DURAÇÃO DO TRATAMENTO COM OS ANÁLOGOS?

• Hepatite B AgHBe (+)

- Tratar até à seroconversão AgHBe + 6 meses após (tratamento de consolidação)

- Monitorizar após a suspensão do tratamento (risco de recidiva)

• Hepatite B AgHBe (-)

- Tipicamente necessitam de terapêutica de longa duração

- Suspender se houver clearance do AgHBs

- Supressão vírica sustentada associa-se a melhoria histológica e do prognóstico (cirrose, CHC)

• Cirrose Compensada: Tratamento de longa duração

• Cirrose descompensada: Tratamento de longa duração (de preferência combinado LAM+ADV).

 

RESISTÊNCIAS

Consequências das Resistências

• ↑↑ HBV DNA

• ↑↑ ALT

• Agravamento da histologia

• Possível descompensação clínica (mau prognóstico em doentes cirróticos).

 

NOMENCLATURA

Não reposta (primary treatment failure)

Diminuição <1 log10 IU/ml do DNA do VHB após 3 meses de tratamento. Habitualmente relacionada com a má adesão à terapêutica.

Resistência genotípica: Mutação no genoma do VHB que se desenvolve durante o tratamento anti-vírico e que confere resistência (e diminuição da eficácia) ao agente anti-vírico.

Breakthrough virulógico: Rebound do DNA do VHB (> 1 log10 IU/ml) durante o tratamento após o desenvolvimento de resistências genotípica.

Breakthrough clínico e bioquímico: Elevação da ALT. Coincide frequentemente com uma elevação da carga viral e pode resultar num flare de hepatite e mais raramente em descompensação hepática.

 

 

ESTRATÉGIAS DE PREVENÇÃO DE RESISTÊNCIAS

Prevenção

• Maximizar o tratamento anti-vírico: Evitar tratamentos desnecessários; Seleccionar o regime antivírico mais eficaz, com a mais baixa taxa de resistências.

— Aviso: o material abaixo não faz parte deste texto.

(* Let $G=(V\cup C,E)$ be a protograph satisfying: every variable node has degree at least $2$; the degree-2 subgraph $G_2$ contains no cycle; every degree-2 variable node is joined by a path in $G$ to a variable node of degree at least $3$. Let $0\le\epsilon<\epsilon_{\mathrm{th}}$. Let $(G'_N)$ be a sequence of lifted graphs $G(T,\Pi)$ of $G$ with blocklength $N=T|V|\to\infty$ and girth $g_N\ge c\log N$ for a constant $c>0$. Consider the standard message-passing (belief-propagation) erasure decoder on the code with Tanner graph $G'_N$ over BEC$(\epsilon)$, run for $t_N$ iterations, where $t_N$ are integers with $4t_N<g_N$ and $t_N\ge c'\log N$ for some constant $c'>0$. Let $P_B(N)$ be the probability that at least one bit remains erased after decoding. Then there are constants $\beta,\gamma>0$ with $P_B(N)=O\bigl(N\exp(-\beta N^{\gamma})\bigr)$; in particular $N^kP_B(N)\to0$ for every $k>0$.
   Context: A protograph is a finite bipartite multigraph $G=(V\cup C,E)$ with variable nodes $V$, check nodes $C$, and ordered edges $E=\{e_1,\dots,e_{|E|}\}$; parallel edges are allowed. $v(e),c(e)$ denote the variable and check endpoints of $e$; degrees count multiplicity. For an edge $e$, $E_c(e)=\{i: c(e_i)=c(e),\ e_i\neq e\}$ and $E_v(e)=\{i: v(e_i)=v(e),\ e_i\ne e\}$. The degree-2 subgraph $G_2$ consists of all degree-2 variable nodes, all edges incident to them, and the check nodes incident to those edges; a cycle in $G_2$ may have length $2$. Lifted graph: for $T\ge1$ and permutations $\Pi=\{\pi_e:e\in E\}$ of $\{1,\dots,T\}$, $G(T,\Pi)$ has variable nodes $(v,t)$, check nodes $(c,t)$, and for each edge $e$ and each $t$ an edge joining $(v(e),t)$ and $(c(e),\pi_e(t))$; it is the Tanner graph of a binary linear code of blocklength $T|V|$. In the erasure decoder, a check sends an erasure to a neighbouring bit iff some other incoming bit message is an erasure; a bit sends an erasure to a check iff its channel value and all incoming messages from its other checks are erasures; after $t$ iterations a bit is erased iff its channel value and all its incoming check messages are erasures. BEC density evolution: $x_0(i)=\epsilon$, $y_{t+1}(j)=1-\prod_{i\in E_c(e_j)}(1-x_t(i))$, $x_{t+1}(i)=\epsilon\prod_{j\in E_v(e_i)}y_{t+1}(j)$ (empty products equal 1), and $\epsilon_{\mathrm{th}}=\sup\{\epsilon:\max_ix_t(i)\to0\}$. Girth is the length of the shortest cycle. *)

theory Defs
  imports Complex_Main "HOL-Library.Extended_Real" "HOL-Library.Landau_Symbols"
begin

text \<open>A protograph with variable nodes 0..<nV, check nodes 0..<nC and the ordered
  edge list E; edge i joins variable node fst (E!i) and check node snd (E!i).
  Parallel edges are allowed (repeated entries).\<close>

definition protograph :: "nat \<Rightarrow> nat \<Rightarrow> (nat \<times> nat) list \<Rightarrow> bool" where
  "protograph nV nC E \<longleftrightarrow> (\<forall>e\<in>set E. fst e < nV \<and> snd e < nC)"

definition vdeg :: "(nat \<times> nat) list \<Rightarrow> nat \<Rightarrow> nat" where
  "vdeg E v = length (filter (\<lambda>e. fst e = v) E)"

text \<open>Length-2 cycles (parallel edges) are included.\<close>

definition is_cycle :: "'e set \<Rightarrow> ('e \<Rightarrow> 'v \<times> 'v) \<Rightarrow> 'e list \<Rightarrow> 'v list \<Rightarrow> bool" where
  "is_cycle Ed ends es vs \<longleftrightarrow>
     length es = length vs \<and> length es \<ge> 1 \<and> distinct es \<and> distinct vs \<and> set es \<subseteq> Ed \<and>
     (\<forall>j<length es. ends (es!j) = (vs!j, vs!((j+1) mod length es)) \<or>
                    ends (es!j) = (vs!((j+1) mod length es), vs!j))"

definition girth :: "'e set \<Rightarrow> ('e \<Rightarrow> 'v \<times> 'v) \<Rightarrow> enat" where
  "girth Ed ends = Inf {enat (length es) | es vs. is_cycle Ed ends es vs}"

text \<open>Protograph vertices: Inl v (variable), Inr c (check).\<close>

definition proto_ends :: "(nat \<times> nat) list \<Rightarrow> nat \<Rightarrow> (nat + nat) \<times> (nat + nat)" where
  "proto_ends E i = (Inl (fst (E!i)), Inr (snd (E!i)))"

text \<open>G_2 contains no cycle: no cycle using only edges incident to degree-2 variable nodes.\<close>

definition deg2_acyclic :: "(nat \<times> nat) list \<Rightarrow> bool" where
  "deg2_acyclic E \<longleftrightarrow>
     \<not> (\<exists>es vs. is_cycle {i. i < length E \<and> vdeg E (fst (E!i)) = 2} (proto_ends E) es vs)"

definition proto_adj :: "(nat \<times> nat) list \<Rightarrow> ((nat + nat) \<times> (nat + nat)) set" where
  "proto_adj E = {(Inl (fst e), Inr (snd e)) | e. e \<in> set E} \<union>
                 {(Inr (snd e), Inl (fst e)) | e. e \<in> set E}"

text \<open>Lifted edges are pairs (i,t), i < |E|, t < T (copies indexed 0..<T); edge (i,t) joins
  variable node (v(e_i),t) and check node (c(e_i), pi i t).\<close>

definition lift_edges :: "(nat \<times> nat) list \<Rightarrow> nat \<Rightarrow> (nat \<times> nat) set" where
  "lift_edges E T = {(i, t). i < length E \<and> t < T}"

definition lift_v :: "(nat \<times> nat) list \<Rightarrow> nat \<times> nat \<Rightarrow> nat \<times> nat" where
  "lift_v E e = (fst (E ! fst e), snd e)"

definition lift_c :: "(nat \<times> nat) list \<Rightarrow> (nat \<Rightarrow> nat \<Rightarrow> nat) \<Rightarrow> nat \<times> nat \<Rightarrow> nat \<times> nat" where
  "lift_c E \<pi> e = (snd (E ! fst e), \<pi> (fst e) (snd e))"

definition lift_ends ::
  "(nat \<times> nat) list \<Rightarrow> (nat \<Rightarrow> nat \<Rightarrow> nat) \<Rightarrow> nat \<times> nat \<Rightarrow> ((nat \<times> nat) + (nat \<times> nat)) \<times> ((nat \<times> nat) + (nat \<times> nat))" where
  "lift_ends E \<pi> e = (Inl (lift_v E e), Inr (lift_c E \<pi> e))"

definition lift_girth :: "(nat \<times> nat) list \<Rightarrow> nat \<Rightarrow> (nat \<Rightarrow> nat \<Rightarrow> nat) \<Rightarrow> enat" where
  "lift_girth E T \<pi> = girth (lift_edges E T) (lift_ends E \<pi>)"

definition valid_lift :: "(nat \<times> nat) list \<Rightarrow> nat \<Rightarrow> (nat \<Rightarrow> nat \<Rightarrow> nat) \<Rightarrow> bool" where
  "valid_lift E T \<pi> \<longleftrightarrow> T \<ge> 1 \<and> (\<forall>i<length E. bij_betw (\<pi> i) {..<T} {..<T})"

text \<open>S = set of variable nodes (bits) erased by the channel. bmsg s e: the bit-to-check
  message on edge e in iteration s is an erasure (iteration 0: channel value).\<close>

definition lEc :: "(nat \<times> nat) list \<Rightarrow> nat \<Rightarrow> (nat \<Rightarrow> nat \<Rightarrow> nat) \<Rightarrow> nat \<times> nat \<Rightarrow> (nat \<times> nat) set" where
  "lEc E T \<pi> e = {e'\<in>lift_edges E T. lift_c E \<pi> e' = lift_c E \<pi> e \<and> e' \<noteq> e}"

definition lEv :: "(nat \<times> nat) list \<Rightarrow> nat \<Rightarrow> nat \<times> nat \<Rightarrow> (nat \<times> nat) set" where
  "lEv E T e = {e'\<in>lift_edges E T. lift_v E e' = lift_v E e \<and> e' \<noteq> e}"

primrec bmsg :: "(nat \<times> nat) list \<Rightarrow> nat \<Rightarrow> (nat \<Rightarrow> nat \<Rightarrow> nat) \<Rightarrow> (nat \<times> nat) set \<Rightarrow>
                 nat \<Rightarrow> nat \<times> nat \<Rightarrow> bool" where
  "bmsg E T \<pi> S 0 e = (lift_v E e \<in> S)"
| "bmsg E T \<pi> S (Suc s) e = (lift_v E e \<in> S \<and>
      (\<forall>e'\<in>lEv E T e. \<exists>e''\<in>lEc E T \<pi> e'. bmsg E T \<pi> S s e''))"

text \<open>Check-to-bit message on e in iteration s+1 is an erasure.\<close>

definition cmsg :: "(nat \<times> nat) list \<Rightarrow> nat \<Rightarrow> (nat \<Rightarrow> nat \<Rightarrow> nat) \<Rightarrow> (nat \<times> nat) set \<Rightarrow>
                 nat \<Rightarrow> nat \<times> nat \<Rightarrow> bool" where
  "cmsg E T \<pi> S s e = (\<exists>e'\<in>lEc E T \<pi> e. bmsg E T \<pi> S s e')"

text \<open>Bit b is erased after t iterations (for t = 0 only the channel value counts).\<close>

definition bit_erased :: "(nat \<times> nat) list \<Rightarrow> nat \<Rightarrow> (nat \<Rightarrow> nat \<Rightarrow> nat) \<Rightarrow> (nat \<times> nat) set \<Rightarrow>
                 nat \<Rightarrow> nat \<times> nat \<Rightarrow> bool" where
  "bit_erased E T \<pi> S t b = (b \<in> S \<and>
     (t = 0 \<or> (\<forall>e\<in>lift_edges E T. lift_v E e = b \<longrightarrow> cmsg E T \<pi> S (t - 1) e)))"

definition lift_bits :: "nat \<Rightarrow> nat \<Rightarrow> (nat \<times> nat) set" where
  "lift_bits nV T = {(v, t). v < nV \<and> t < T}"

definition block_erasure_prob :: "nat \<Rightarrow> (nat \<times> nat) list \<Rightarrow> nat \<Rightarrow> (nat \<Rightarrow> nat \<Rightarrow> nat) \<Rightarrow>
                 real \<Rightarrow> nat \<Rightarrow> real" where
  "block_erasure_prob nV E T \<pi> \<epsilon> t =
     (\<Sum>S\<in>Pow (lift_bits nV T).
        \<epsilon> ^ card S * (1 - \<epsilon>) ^ (card (lift_bits nV T) - card S) *
        (if \<exists>b\<in>lift_bits nV T. bit_erased E T \<pi> S t b then 1 else 0))"

definition pEc :: "(nat \<times> nat) list \<Rightarrow> nat \<Rightarrow> nat set" where
  "pEc E j = {i. i < length E \<and> snd (E!i) = snd (E!j) \<and> i \<noteq> j}"

definition pEv :: "(nat \<times> nat) list \<Rightarrow> nat \<Rightarrow> nat set" where
  "pEv E j = {i. i < length E \<and> fst (E!i) = fst (E!j) \<and> i \<noteq> j}"

primrec de_x :: "(nat \<times> nat) list \<Rightarrow> real \<Rightarrow> nat \<Rightarrow> nat \<Rightarrow> real" where
  "de_x E \<epsilon> 0 i = \<epsilon>"
| "de_x E \<epsilon> (Suc t) i =
     \<epsilon> * (\<Prod>j\<in>pEv E i. 1 - (\<Prod>k\<in>pEc E j. 1 - de_x E \<epsilon> t k))"

definition de_threshold :: "(nat \<times> nat) list \<Rightarrow> real" where
  "de_threshold E = Sup {\<epsilon> \<in> {0..1}. (\<lambda>t. Max (de_x E \<epsilon> t ` {..<length E})) \<longlonglongrightarrow> 0}"

end

theory Submission
  imports Defs "HOL-Real_Asymp.Real_Asymp"
begin

text \<open>Below girth 4t the depth-t computation graph of every message in the lifted graph is a tree,
  so the channel erasures it sees are independent and its erasure probability is exactly the
  density evolution value x_t; a union bound gives P_B \<le> N max_i x_t(i). Below the threshold
  x_t \<rightarrow> 0. Since G_2 is acyclic, every chain of degree-2 variable nodes reaches, after boundedly
  many iterations, a variable node of degree at least 3, where two small incoming messages are
  multiplied; hence max x_{t+L} \<le> K (max x_t)^2, which forces the doubly exponential decay
  exp (-\<alpha> 2^{t/L}). With t_N \<ge> c' log N this is exp (-\<alpha> N^\<gamma>).\<close>

section \<open>Walks and girth\<close>

definition walk :: "'e set \<Rightarrow> ('e \<Rightarrow> 'v \<times> 'v) \<Rightarrow> nat \<Rightarrow> (nat \<Rightarrow> 'e) \<Rightarrow> (nat \<Rightarrow> 'v) \<Rightarrow> bool" where
  "walk Ed ends k ee ve \<longleftrightarrow> (\<forall>j<k. ee j \<in> Ed \<and>
      (ends (ee j) = (ve j, ve (Suc j)) \<or> ends (ee j) = (ve (Suc j), ve j)))"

• Maximizar as barreiras géneticas às resistências: Evitar monoterapia sequencial; evitar interrupções de tratamento; Escolher fármacos que requerem múltiplas mutações para a resistência.

• Aumentar as barreiras farmacológicas: Assegurar a adesão do doente ao tratamento.

 

Monitorização

• Modificação precoce da estratégia de tratamento (antes da elevação da carga viral).

 

Tratamento das resistências

• Lamivudina-R: Adicionar tenofovir ou adefovir

• Adefovir-R: Adicionar lamivudina; Alterar ou adicionar entecavir

• Entecavir-R: Alterar ou adicionar tenofovir ou adefovir

• Telbivudina-R: Alterar ou adicionar tenofovir ou adefovir.